• [Problem description] Go line by line through the data and copy those with the word "Library".

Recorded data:
──────────────────────────────
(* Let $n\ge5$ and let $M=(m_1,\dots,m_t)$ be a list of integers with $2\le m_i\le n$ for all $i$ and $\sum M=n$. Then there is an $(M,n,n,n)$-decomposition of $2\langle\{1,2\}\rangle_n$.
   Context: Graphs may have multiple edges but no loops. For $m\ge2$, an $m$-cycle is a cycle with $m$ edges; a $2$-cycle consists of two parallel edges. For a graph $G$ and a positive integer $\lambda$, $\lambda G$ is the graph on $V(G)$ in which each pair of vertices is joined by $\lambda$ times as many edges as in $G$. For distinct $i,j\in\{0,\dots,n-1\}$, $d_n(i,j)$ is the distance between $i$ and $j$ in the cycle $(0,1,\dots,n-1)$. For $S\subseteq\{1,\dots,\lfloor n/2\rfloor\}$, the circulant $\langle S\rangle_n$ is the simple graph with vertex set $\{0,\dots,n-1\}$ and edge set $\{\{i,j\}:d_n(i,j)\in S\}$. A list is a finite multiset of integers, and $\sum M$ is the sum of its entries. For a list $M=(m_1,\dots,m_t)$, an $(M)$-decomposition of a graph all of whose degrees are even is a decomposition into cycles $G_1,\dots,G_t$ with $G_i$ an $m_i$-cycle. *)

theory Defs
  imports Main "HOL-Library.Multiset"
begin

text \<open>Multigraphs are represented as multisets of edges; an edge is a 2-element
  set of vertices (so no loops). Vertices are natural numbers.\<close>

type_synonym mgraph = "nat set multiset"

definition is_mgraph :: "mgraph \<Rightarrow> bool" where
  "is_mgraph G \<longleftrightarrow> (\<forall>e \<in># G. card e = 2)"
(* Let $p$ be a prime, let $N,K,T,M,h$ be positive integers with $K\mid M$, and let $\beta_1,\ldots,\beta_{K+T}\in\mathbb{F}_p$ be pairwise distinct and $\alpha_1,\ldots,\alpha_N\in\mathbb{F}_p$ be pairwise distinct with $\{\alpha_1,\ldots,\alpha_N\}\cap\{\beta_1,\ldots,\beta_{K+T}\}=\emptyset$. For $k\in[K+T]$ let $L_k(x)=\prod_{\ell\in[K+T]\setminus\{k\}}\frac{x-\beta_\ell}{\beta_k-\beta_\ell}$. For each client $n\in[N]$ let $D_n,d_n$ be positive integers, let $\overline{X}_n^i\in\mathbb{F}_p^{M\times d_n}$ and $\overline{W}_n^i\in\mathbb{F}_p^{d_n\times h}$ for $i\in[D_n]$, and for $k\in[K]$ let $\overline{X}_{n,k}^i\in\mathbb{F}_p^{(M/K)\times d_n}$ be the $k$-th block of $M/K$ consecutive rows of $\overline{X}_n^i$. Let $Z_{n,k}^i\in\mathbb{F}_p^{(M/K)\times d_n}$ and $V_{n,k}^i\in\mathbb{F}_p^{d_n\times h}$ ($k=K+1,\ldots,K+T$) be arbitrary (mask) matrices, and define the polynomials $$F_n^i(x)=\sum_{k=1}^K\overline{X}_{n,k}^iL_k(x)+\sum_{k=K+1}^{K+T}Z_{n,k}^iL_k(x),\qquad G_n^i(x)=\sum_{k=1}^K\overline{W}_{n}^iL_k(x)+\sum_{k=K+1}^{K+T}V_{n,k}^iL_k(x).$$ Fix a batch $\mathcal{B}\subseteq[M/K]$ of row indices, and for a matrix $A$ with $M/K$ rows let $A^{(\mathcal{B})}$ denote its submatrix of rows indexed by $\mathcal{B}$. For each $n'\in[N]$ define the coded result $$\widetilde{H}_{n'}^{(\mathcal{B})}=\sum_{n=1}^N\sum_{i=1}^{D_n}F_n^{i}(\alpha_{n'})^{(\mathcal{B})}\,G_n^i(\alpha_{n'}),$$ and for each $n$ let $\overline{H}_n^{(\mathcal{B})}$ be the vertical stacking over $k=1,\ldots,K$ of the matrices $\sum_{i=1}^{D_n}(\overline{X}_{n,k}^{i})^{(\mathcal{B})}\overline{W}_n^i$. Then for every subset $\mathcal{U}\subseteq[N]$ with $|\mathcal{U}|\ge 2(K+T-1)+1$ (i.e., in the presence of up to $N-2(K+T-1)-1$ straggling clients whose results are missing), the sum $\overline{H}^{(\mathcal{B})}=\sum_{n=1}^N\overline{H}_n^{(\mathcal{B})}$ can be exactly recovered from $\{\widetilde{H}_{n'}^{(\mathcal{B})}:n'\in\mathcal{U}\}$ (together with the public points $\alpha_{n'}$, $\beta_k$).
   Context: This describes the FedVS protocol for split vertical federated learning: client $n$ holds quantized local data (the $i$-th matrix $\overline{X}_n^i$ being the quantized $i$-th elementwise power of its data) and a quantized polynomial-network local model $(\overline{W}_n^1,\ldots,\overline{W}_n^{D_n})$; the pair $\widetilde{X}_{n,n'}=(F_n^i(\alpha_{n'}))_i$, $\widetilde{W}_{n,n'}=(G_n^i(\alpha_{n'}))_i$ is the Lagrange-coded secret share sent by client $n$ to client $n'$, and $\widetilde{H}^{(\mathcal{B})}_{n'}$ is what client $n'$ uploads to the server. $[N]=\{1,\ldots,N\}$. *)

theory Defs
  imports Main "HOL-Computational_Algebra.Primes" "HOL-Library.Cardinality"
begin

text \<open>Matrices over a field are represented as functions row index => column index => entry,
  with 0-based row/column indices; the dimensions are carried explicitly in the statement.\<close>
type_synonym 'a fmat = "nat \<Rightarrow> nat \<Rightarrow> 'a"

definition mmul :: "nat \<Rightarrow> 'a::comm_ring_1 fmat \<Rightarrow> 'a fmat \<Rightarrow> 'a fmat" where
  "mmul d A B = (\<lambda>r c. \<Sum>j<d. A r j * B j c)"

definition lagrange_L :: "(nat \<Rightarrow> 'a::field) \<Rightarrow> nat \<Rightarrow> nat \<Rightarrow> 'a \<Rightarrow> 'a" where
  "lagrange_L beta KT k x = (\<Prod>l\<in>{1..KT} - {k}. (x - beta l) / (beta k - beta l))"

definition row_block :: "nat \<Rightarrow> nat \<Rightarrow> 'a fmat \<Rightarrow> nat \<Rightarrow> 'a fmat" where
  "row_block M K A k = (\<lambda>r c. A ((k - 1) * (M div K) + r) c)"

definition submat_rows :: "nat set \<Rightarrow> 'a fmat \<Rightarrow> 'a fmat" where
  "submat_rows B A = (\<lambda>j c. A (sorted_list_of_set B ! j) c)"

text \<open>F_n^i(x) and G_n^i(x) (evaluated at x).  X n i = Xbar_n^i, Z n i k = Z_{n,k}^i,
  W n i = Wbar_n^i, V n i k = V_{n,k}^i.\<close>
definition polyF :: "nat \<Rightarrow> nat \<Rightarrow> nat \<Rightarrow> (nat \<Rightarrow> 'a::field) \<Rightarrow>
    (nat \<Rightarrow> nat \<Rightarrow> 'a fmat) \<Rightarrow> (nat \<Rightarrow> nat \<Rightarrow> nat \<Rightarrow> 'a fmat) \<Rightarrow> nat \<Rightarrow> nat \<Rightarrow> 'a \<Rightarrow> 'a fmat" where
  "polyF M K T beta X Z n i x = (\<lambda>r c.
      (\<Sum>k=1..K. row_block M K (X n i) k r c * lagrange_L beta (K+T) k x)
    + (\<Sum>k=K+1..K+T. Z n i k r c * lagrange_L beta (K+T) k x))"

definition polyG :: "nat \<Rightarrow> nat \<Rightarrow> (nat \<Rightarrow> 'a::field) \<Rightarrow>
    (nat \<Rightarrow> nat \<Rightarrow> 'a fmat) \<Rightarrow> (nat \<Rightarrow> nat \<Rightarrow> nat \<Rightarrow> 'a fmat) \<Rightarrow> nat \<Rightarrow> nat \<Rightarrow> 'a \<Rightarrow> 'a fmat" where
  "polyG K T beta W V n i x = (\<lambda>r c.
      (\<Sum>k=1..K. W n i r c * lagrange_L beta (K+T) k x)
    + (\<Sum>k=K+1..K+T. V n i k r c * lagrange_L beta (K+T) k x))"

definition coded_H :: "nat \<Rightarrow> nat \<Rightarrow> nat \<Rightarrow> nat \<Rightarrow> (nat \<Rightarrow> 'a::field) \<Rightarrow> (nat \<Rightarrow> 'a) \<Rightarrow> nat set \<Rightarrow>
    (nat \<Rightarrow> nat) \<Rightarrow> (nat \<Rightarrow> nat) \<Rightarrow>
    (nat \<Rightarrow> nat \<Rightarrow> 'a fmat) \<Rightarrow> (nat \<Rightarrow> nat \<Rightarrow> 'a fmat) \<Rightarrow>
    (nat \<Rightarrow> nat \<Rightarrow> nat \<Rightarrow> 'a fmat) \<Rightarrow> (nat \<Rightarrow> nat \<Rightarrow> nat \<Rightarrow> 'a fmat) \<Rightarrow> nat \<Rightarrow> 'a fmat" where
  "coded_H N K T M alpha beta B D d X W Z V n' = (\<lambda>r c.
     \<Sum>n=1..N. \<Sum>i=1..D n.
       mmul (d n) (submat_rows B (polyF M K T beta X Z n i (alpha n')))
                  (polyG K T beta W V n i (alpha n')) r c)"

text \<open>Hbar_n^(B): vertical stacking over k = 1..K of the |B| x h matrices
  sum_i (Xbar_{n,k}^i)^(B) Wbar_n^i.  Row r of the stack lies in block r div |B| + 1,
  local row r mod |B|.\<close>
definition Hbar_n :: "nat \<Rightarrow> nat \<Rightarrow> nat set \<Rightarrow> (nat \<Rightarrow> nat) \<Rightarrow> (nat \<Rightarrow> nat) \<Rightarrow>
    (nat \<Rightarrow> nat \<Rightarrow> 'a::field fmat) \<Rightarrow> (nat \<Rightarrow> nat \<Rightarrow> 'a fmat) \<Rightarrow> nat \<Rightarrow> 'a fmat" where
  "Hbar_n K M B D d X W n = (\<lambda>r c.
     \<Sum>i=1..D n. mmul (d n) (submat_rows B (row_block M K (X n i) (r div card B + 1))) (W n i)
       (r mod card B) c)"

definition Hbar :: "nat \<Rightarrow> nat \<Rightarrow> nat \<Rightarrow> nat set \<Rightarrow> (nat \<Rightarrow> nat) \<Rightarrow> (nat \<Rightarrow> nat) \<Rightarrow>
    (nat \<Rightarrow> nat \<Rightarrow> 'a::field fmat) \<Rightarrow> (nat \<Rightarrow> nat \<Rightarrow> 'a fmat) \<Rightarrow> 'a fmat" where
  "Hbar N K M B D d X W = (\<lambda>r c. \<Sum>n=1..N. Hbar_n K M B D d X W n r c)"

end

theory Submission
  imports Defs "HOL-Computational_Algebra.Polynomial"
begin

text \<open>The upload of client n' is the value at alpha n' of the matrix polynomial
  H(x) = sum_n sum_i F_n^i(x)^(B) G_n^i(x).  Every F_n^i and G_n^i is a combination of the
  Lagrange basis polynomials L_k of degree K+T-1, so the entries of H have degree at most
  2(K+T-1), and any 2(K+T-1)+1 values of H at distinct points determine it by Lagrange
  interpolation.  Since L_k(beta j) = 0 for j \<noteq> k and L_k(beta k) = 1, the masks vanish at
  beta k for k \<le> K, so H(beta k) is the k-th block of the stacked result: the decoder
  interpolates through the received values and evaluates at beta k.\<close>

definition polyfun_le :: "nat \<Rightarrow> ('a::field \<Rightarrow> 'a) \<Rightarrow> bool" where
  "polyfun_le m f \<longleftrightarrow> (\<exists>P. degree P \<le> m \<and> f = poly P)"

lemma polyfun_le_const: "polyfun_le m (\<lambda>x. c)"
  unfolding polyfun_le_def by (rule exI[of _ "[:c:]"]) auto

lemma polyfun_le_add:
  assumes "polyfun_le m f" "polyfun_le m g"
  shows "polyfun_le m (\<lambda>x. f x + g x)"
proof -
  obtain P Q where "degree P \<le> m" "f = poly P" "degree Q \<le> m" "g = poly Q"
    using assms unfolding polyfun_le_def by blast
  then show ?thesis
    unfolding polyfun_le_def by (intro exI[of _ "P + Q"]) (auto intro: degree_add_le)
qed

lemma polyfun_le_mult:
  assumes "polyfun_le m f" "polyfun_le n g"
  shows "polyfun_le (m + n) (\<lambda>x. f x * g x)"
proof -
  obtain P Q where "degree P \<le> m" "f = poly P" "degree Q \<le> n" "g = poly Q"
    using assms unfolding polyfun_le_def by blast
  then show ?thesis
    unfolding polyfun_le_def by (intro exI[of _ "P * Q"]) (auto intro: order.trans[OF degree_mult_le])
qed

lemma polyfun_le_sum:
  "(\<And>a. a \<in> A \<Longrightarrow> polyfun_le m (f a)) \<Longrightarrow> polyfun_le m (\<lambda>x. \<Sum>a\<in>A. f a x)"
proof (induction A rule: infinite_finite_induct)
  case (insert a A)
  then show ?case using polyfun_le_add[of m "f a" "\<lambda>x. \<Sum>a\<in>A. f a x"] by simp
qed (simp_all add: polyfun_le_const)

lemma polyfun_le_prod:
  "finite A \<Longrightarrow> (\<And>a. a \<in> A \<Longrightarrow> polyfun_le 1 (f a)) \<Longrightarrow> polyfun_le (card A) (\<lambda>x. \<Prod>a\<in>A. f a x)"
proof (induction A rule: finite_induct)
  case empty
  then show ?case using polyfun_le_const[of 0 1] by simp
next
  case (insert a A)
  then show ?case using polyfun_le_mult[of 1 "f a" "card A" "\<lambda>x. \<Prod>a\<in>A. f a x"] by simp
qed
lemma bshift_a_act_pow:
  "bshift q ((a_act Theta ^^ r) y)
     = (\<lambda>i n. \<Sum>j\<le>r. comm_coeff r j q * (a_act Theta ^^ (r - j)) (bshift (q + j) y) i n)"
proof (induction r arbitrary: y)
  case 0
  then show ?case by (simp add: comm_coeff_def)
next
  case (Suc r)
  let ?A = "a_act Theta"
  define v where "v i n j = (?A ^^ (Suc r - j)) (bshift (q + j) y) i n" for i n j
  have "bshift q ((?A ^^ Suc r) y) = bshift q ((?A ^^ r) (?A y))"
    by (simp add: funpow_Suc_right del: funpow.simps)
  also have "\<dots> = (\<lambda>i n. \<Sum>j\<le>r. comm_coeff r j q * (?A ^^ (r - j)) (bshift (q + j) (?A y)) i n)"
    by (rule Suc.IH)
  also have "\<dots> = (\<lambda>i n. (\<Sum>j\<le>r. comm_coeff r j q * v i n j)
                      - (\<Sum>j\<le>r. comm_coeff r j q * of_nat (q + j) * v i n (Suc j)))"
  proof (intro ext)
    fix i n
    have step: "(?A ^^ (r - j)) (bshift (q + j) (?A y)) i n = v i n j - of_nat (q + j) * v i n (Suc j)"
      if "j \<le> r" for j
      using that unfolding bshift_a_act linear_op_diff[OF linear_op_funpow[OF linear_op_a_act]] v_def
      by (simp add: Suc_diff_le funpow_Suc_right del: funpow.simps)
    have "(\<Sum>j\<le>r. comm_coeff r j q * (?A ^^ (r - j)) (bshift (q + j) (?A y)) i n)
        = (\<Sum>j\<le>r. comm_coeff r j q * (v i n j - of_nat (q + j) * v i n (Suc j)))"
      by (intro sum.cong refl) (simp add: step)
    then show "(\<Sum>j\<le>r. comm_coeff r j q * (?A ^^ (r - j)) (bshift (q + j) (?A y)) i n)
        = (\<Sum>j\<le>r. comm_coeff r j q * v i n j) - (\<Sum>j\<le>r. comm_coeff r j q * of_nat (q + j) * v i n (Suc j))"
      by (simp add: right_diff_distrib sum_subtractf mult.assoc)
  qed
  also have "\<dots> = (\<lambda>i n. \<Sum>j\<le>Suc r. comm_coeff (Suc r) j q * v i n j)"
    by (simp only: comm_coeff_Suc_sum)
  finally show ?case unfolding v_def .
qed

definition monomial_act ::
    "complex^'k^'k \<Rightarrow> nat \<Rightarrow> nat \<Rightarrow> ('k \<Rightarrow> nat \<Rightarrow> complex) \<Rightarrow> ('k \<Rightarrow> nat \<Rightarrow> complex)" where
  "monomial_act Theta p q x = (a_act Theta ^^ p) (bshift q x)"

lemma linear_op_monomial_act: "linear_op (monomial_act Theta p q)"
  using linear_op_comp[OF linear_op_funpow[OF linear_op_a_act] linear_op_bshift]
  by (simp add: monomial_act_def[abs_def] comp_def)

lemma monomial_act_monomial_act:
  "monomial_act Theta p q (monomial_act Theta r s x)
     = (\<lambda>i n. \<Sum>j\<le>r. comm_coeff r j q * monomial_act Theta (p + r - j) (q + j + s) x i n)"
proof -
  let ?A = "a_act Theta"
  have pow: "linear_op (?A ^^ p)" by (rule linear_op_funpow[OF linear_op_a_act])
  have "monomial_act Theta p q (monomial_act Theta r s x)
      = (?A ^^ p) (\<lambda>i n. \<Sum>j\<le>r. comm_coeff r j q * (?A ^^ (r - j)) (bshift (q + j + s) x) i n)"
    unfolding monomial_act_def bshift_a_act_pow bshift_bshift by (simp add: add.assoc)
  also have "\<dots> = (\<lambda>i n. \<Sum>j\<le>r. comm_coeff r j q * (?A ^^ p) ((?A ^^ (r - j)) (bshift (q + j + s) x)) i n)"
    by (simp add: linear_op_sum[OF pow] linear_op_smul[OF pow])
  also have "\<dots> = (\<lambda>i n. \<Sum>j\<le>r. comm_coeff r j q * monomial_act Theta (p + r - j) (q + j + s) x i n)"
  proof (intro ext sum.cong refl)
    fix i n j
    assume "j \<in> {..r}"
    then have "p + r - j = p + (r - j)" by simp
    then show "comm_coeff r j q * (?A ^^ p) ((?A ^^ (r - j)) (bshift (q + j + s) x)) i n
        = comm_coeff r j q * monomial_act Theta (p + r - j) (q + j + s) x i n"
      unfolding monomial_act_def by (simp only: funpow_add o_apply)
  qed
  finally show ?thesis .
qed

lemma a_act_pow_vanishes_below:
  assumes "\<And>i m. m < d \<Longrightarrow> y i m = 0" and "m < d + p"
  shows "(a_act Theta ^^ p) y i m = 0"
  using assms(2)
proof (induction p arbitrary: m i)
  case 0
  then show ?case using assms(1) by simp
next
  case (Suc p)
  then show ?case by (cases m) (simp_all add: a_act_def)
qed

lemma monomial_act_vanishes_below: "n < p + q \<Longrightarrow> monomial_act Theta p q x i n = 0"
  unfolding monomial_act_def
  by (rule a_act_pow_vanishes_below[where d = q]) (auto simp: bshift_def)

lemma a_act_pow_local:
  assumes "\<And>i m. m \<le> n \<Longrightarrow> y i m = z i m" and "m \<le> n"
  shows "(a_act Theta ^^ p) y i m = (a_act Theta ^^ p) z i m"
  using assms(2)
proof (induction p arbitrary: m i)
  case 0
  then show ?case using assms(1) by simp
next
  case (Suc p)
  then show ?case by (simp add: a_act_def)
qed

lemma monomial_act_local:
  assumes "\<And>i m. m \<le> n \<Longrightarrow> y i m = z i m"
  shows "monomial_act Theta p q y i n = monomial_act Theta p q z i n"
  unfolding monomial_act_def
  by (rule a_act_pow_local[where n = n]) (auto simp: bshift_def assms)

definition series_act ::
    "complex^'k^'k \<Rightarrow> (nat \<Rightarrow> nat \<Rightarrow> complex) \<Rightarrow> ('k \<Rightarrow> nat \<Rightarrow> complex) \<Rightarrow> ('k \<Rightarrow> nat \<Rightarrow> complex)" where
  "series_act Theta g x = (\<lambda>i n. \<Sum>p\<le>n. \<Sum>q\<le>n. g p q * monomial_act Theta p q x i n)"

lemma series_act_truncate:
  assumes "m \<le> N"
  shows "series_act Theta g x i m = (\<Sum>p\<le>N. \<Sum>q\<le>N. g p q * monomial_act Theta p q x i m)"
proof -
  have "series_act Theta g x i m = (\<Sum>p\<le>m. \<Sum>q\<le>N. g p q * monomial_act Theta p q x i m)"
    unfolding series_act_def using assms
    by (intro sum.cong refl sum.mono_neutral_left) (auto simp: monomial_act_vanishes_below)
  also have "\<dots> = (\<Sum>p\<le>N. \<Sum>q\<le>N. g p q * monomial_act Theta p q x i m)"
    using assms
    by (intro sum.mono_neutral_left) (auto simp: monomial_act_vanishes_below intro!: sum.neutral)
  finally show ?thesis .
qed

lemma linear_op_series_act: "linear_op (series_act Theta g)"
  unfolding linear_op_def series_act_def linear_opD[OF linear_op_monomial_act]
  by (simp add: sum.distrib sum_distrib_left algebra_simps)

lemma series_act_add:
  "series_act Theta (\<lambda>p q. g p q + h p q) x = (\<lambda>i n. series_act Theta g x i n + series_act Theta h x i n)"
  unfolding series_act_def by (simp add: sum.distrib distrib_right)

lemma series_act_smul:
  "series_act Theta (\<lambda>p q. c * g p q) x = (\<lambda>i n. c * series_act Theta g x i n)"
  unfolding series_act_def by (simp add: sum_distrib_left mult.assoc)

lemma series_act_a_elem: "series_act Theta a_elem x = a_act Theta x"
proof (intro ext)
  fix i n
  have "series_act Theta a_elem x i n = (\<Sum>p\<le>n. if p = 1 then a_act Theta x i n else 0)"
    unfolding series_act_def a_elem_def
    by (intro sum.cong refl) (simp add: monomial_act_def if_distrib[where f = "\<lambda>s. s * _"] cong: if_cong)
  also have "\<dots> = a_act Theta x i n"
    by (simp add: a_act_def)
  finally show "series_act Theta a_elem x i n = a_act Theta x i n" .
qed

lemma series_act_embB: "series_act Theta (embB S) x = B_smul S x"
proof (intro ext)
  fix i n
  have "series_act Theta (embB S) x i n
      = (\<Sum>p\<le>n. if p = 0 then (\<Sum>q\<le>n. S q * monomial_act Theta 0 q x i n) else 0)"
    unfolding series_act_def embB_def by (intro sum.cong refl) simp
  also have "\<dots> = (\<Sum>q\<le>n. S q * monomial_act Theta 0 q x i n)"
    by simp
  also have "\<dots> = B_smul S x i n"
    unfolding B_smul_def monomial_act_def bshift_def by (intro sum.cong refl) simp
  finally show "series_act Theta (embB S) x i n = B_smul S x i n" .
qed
──────────────────────────────
• [Written answer]
  imports Main "HOL-Library.Multiset"
  imports Main "HOL-Computational_Algebra.Primes" "HOL-Library.Cardinality"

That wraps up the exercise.